Wanting to win and not caring if you lose are two very different things. Pop gave the starters their chance, but to be within 10 with a few minutes to play and not have a single starter on the floor indicates that this wasn't a game Pop wanted to win all that badly. The only advantage to winning would have been all but locking up the No. 1 seed, something the Spurs still have a very good shot at doing. Pop said it in a timeout: he doesn't care about winning or losing as long as the team plays the game right. The Thunder are in the Spurs' players heads, they get away with a lot of physicality and it knocks this team out of its rhythm. OKC depends HEAVILY on being able to force up-tempo play to get KD and other shooters pull-up opportunities in transition. Those come from turnovers, and the Thunder get away with murder in forcing them.
This game was not about wanting to win. Pop doesn't care about the streak, or about beating any one opponent in the regular season. He knows that this is a team the Spurs are likely to have to get through if they're going to return to the Finals, and he trotted out a few different rotations against the Thunder's full strength squad to 1) see how the players maintained composure and ran their sets and 2) to introduce the bench to the kind of maniacal play they'll be up against in the WCF, if both teams get there. More than anything, this is a wakeup call. A little taste of mortality for a team that has run roughshod over everyone else in 2014.

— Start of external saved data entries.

lemma finite_left_biased_sets: "finite (left_biased_sets n t m)"
  by (rule finite_subset[of _ "Pow {1..n}"]) (auto simp: left_biased_sets_def)

lemma left_biasedI:
  assumes "2 * k \<le> n" and "card ({1..k} \<inter> S) = m" and "\<forall>x\<in>S. x + k \<le> n"
  shows "left_biased n m S"
  unfolding left_biased_def
proof (intro exI conjI)
  show "interval_partition n {1..k} {k+1..n-k} {n-k+1..n}"
    unfolding interval_partition_def using assms(1) by (intro exI[of _ k] exI[of _ "n-k"]) auto
  show "card {1..k} = card {n-k+1..n}" using assms(1) by simp
  show "card ({1..k} \<inter> S) = m" by fact
  have "{n-k+1..n} \<inter> S = {}" using assms(3) by fastforce
  then show "card ({n-k+1..n} \<inter> S) = 0" by simp
qed

lemma card_image_strict_mono_on:
  fixes f :: "nat \<Rightarrow> nat"
  assumes "strict_mono_on {1..s} f" and "1 \<le> a" and "b \<le> s"
  shows "card (f ` {a..b}) = b + 1 - a"
proof -
  have "inj_on f {a..b}"
    using strict_mono_on_imp_inj_on[OF assms(1)] assms(2,3) by (auto intro: inj_on_subset)
  then show ?thesis by (simp add: card_image)
qed

text \<open>The cut X = {1..f k} contains exactly the first k vertices, and the window
  Z = {n - f k + 1..n} lies beyond f j.\<close>

lemma image_prefix_in_left_biased_sets:
  fixes f :: "nat \<Rightarrow> nat"
  assumes mono: "strict_mono_on {1..s} f" and range: "f ` {1..s} \<subseteq> {1..n}"
    and "1 \<le> k" and "k \<le> j" and "j \<le> s" and sum: "f k + f j \<le> n"
  shows "f ` {1..j} \<in> left_biased_sets n j k"
proof -
  have le_iff: "f i \<le> f i' \<longleftrightarrow> i \<le> i'" if "i \<in> {1..s}" "i' \<in> {1..s}" for i i'
    using strict_mono_on_less_eq[OF mono that] .
  have "f k \<le> f j"
    using le_iff[of k j] assms(3-5) by simp
  have "{1..f k} \<inter> f ` {1..j} = f ` {1..k}"
  proof (intro equalityI subsetI)
    fix x assume "x \<in> {1..f k} \<inter> f ` {1..j}"
    then obtain i where "i \<in> {1..j}" "x = f i" "f i \<le> f k" by auto
    then show "x \<in> f ` {1..k}" using le_iff[of i k] assms(3-5) by auto
  next
    fix x assume "x \<in> f ` {1..k}"
    then obtain i where "i \<in> {1..k}" "x = f i" by auto
    moreover have "i \<in> {1..s}" using \<open>i \<in> {1..k}\<close> assms(4,5) by auto
    then have "f i \<in> {1..n}" using range by blast
    ultimately show "x \<in> {1..f k} \<inter> f ` {1..j}" using le_iff[of i k] assms(4,5) by auto
  qed
  then have "card ({1..f k} \<inter> f ` {1..j}) = k"
    using card_image_strict_mono_on[OF mono, of 1 k] assms(3-5) by simp
  moreover have "\<forall>x \<in> f ` {1..j}. x + f k \<le> n"
  proof
    fix x assume "x \<in> f ` {1..j}"
    then obtain i where "i \<in> {1..j}" "x = f i" by auto
    then have "f i \<le> f j" using le_iff[of i j] assms(5) by auto
    then show "x + f k \<le> n" using \<open>x = f i\<close> sum by linarith
  qed
  moreover have "2 * f k \<le> n"
    using \<open>f k \<le> f j\<close> sum by linarith
  ultimately have "left_biased n k (f ` {1..j})"
    by (intro left_biasedI)
  moreover have "f ` {1..j} \<subseteq> {1..n}" "card (f ` {1..j}) = j"
    using range assms(5) card_image_strict_mono_on[OF mono, of 1 j] by auto
  ultimately show ?thesis unfolding left_biased_sets_def by simp
qed

definition add_mirror :: "nat \<Rightarrow> nat \<Rightarrow> nat set \<Rightarrow> nat set" where
  "add_mirror n m S = insert (n + 1 - sorted_list_of_set S ! (m - 1)) S"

You can talk about how they swept the Spurs this season, or how it appears the Thunder have this team's number. Maybe they do, but Westbrick and his pack of goons can pound their chest over regular season wins all they want. If things go the way they seem to be going, they'll have to win 4 out of 7 against Pop and the Spurs without HCA for the second time in three years, and last night they showed us their entire hand.